--- To do ---
Find the line containing "unfolding site_force_def by" in the material below; copy that line and all following lines exactly.

--- Information provided ---
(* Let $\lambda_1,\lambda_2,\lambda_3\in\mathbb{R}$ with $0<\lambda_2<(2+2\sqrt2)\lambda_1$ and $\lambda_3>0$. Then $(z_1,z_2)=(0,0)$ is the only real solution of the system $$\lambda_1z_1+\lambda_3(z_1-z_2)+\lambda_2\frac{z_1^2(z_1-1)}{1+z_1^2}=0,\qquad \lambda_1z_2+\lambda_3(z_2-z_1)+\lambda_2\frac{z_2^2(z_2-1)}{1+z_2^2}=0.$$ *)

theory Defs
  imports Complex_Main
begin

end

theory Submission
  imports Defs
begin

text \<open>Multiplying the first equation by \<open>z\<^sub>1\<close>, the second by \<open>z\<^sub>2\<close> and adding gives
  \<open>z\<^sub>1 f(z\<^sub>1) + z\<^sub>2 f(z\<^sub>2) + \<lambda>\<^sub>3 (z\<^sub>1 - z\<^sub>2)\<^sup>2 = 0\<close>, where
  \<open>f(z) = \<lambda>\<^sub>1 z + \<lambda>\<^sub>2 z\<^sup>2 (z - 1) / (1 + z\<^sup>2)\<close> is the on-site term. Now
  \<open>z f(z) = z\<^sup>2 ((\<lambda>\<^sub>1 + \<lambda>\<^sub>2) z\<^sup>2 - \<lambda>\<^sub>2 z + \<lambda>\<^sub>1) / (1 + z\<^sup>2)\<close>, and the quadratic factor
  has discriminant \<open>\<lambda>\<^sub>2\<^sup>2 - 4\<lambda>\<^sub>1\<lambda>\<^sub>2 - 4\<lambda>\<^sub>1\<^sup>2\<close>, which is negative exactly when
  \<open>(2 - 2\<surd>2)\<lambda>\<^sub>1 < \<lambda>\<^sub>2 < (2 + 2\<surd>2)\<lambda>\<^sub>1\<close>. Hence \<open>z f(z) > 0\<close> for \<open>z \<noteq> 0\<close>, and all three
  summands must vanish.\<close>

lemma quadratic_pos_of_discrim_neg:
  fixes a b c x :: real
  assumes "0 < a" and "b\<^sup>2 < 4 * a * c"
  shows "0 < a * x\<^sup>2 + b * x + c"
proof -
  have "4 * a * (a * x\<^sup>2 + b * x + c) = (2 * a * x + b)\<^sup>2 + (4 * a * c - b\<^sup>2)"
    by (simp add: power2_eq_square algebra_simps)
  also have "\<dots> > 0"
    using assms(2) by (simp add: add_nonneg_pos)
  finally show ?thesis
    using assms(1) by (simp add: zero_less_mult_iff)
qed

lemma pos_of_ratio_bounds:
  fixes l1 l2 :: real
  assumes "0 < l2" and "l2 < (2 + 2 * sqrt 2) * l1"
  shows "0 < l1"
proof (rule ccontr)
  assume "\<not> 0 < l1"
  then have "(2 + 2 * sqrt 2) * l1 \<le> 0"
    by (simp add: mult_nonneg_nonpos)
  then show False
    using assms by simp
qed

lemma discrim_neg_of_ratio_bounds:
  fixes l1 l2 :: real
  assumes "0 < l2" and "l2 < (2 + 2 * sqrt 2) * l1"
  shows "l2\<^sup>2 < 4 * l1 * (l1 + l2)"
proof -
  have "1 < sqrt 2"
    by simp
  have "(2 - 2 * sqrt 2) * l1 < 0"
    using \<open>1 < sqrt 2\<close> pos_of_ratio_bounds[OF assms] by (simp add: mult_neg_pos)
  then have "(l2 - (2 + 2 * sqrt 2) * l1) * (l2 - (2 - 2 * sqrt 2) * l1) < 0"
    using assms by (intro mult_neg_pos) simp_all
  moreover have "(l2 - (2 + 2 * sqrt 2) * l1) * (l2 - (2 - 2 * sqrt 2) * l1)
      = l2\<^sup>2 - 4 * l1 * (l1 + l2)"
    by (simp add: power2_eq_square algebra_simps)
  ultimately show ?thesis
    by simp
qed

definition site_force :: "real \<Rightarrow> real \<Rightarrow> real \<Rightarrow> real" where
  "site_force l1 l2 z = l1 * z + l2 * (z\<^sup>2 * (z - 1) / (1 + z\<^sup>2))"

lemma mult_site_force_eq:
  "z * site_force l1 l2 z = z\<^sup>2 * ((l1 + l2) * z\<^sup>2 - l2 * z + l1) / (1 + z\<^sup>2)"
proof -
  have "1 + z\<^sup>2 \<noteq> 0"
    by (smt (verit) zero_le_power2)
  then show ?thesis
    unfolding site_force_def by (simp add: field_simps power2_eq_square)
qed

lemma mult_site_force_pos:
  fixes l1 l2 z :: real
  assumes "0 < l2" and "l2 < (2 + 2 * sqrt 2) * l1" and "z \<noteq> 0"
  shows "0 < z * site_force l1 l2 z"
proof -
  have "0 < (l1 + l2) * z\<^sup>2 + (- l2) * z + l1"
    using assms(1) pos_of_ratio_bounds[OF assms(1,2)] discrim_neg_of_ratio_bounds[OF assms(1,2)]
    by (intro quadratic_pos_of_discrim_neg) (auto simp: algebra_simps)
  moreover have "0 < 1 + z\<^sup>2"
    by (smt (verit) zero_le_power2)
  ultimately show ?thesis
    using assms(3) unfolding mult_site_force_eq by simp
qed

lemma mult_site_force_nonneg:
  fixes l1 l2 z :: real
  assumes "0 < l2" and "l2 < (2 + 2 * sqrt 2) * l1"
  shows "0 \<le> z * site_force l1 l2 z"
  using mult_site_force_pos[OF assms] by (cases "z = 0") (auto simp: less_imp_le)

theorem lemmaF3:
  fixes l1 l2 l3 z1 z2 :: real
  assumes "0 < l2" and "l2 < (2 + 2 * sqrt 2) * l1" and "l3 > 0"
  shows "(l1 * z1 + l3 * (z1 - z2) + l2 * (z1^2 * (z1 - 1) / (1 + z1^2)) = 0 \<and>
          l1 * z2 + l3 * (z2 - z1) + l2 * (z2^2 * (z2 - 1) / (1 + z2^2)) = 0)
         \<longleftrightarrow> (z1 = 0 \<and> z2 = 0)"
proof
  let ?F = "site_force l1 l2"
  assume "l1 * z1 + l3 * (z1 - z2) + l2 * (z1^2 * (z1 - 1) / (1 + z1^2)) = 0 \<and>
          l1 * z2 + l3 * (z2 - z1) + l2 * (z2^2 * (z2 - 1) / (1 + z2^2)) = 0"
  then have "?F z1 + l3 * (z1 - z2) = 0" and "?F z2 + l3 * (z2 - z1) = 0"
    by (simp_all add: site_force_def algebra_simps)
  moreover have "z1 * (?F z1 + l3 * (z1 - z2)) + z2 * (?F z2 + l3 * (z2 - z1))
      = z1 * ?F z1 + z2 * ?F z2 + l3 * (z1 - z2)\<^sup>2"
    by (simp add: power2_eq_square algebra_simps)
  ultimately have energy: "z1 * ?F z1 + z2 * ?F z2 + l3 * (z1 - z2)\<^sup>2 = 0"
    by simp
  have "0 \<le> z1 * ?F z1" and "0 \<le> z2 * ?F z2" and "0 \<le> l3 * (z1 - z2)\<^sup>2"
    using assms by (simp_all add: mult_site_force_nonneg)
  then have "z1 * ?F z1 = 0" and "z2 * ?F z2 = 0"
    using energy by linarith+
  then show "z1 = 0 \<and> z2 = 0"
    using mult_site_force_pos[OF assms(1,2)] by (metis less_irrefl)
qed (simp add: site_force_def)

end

--- Response to the task ---
    unfolding site_force_def by (simp add: field_simps power2_eq_square)
qed

lemma mult_site_force_pos:
  fixes l1 l2 z :: real
  assumes "0 < l2" and "l2 < (2 + 2 * sqrt 2) * l1" and "z \<noteq> 0"
  shows "0 < z * site_force l1 l2 z"
proof -
  have "0 < (l1 + l2) * z\<^sup>2 + (- l2) * z + l1"
    using assms(1) pos_of_ratio_bounds[OF assms(1,2)] discrim_neg_of_ratio_bounds[OF assms(1,2)]
    by (intro quadratic_pos_of_discrim_neg) (auto simp: algebra_simps)
  moreover have "0 < 1 + z\<^sup>2"
    by (smt (verit) zero_le_power2)
  ultimately show ?thesis
    using assms(3) unfolding mult_site_force_eq by simp
qed

lemma mult_site_force_nonneg:
  fixes l1 l2 z :: real
  assumes "0 < l2" and "l2 < (2 + 2 * sqrt 2) * l1"
  shows "0 \<le> z * site_force l1 l2 z"
  using mult_site_force_pos[OF assms] by (cases "z = 0") (auto simp: less_imp_le)

theorem lemmaF3:
  fixes l1 l2 l3 z1 z2 :: real
  assumes "0 < l2" and "l2 < (2 + 2 * sqrt 2) * l1" and "l3 > 0"
  shows "(l1 * z1 + l3 * (z1 - z2) + l2 * (z1^2 * (z1 - 1) / (1 + z1^2)) = 0 \<and>
          l1 * z2 + l3 * (z2 - z1) + l2 * (z2^2 * (z2 - 1) / (1 + z2^2)) = 0)
         \<longleftrightarrow> (z1 = 0 \<and> z2 = 0)"
proof
  let ?F = "site_force l1 l2"
  assume "l1 * z1 + l3 * (z1 - z2) + l2 * (z1^2 * (z1 - 1) / (1 + z1^2)) = 0 \<and>
          l1 * z2 + l3 * (z2 - z1) + l2 * (z2^2 * (z2 - 1) / (1 + z2^2)) = 0"
  then have "?F z1 + l3 * (z1 - z2) = 0" and "?F z2 + l3 * (z2 - z1) = 0"
    by (simp_all add: site_force_def algebra_simps)
  moreover have "z1 * (?F z1 + l3 * (z1 - z2)) + z2 * (?F z2 + l3 * (z2 - z1))
      = z1 * ?F z1 + z2 * ?F z2 + l3 * (z1 - z2)\<^sup>2"
    by (simp add: power2_eq_square algebra_simps)
  ultimately have energy: "z1 * ?F z1 + z2 * ?F z2 + l3 * (z1 - z2)\<^sup>2 = 0"
    by simp
  have "0 \<le> z1 * ?F z1" and "0 \<le> z2 * ?F z2" and "0 \<le> l3 * (z1 - z2)\<^sup>2"
    using assms by (simp_all add: mult_site_force_nonneg)
  then have "z1 * ?F z1 = 0" and "z2 * ?F z2 = 0"
    using energy by linarith+
  then show "z1 = 0 \<and> z2 = 0"
    using mult_site_force_pos[OF assms(1,2)] by (metis less_irrefl)
qed (simp add: site_force_def)

end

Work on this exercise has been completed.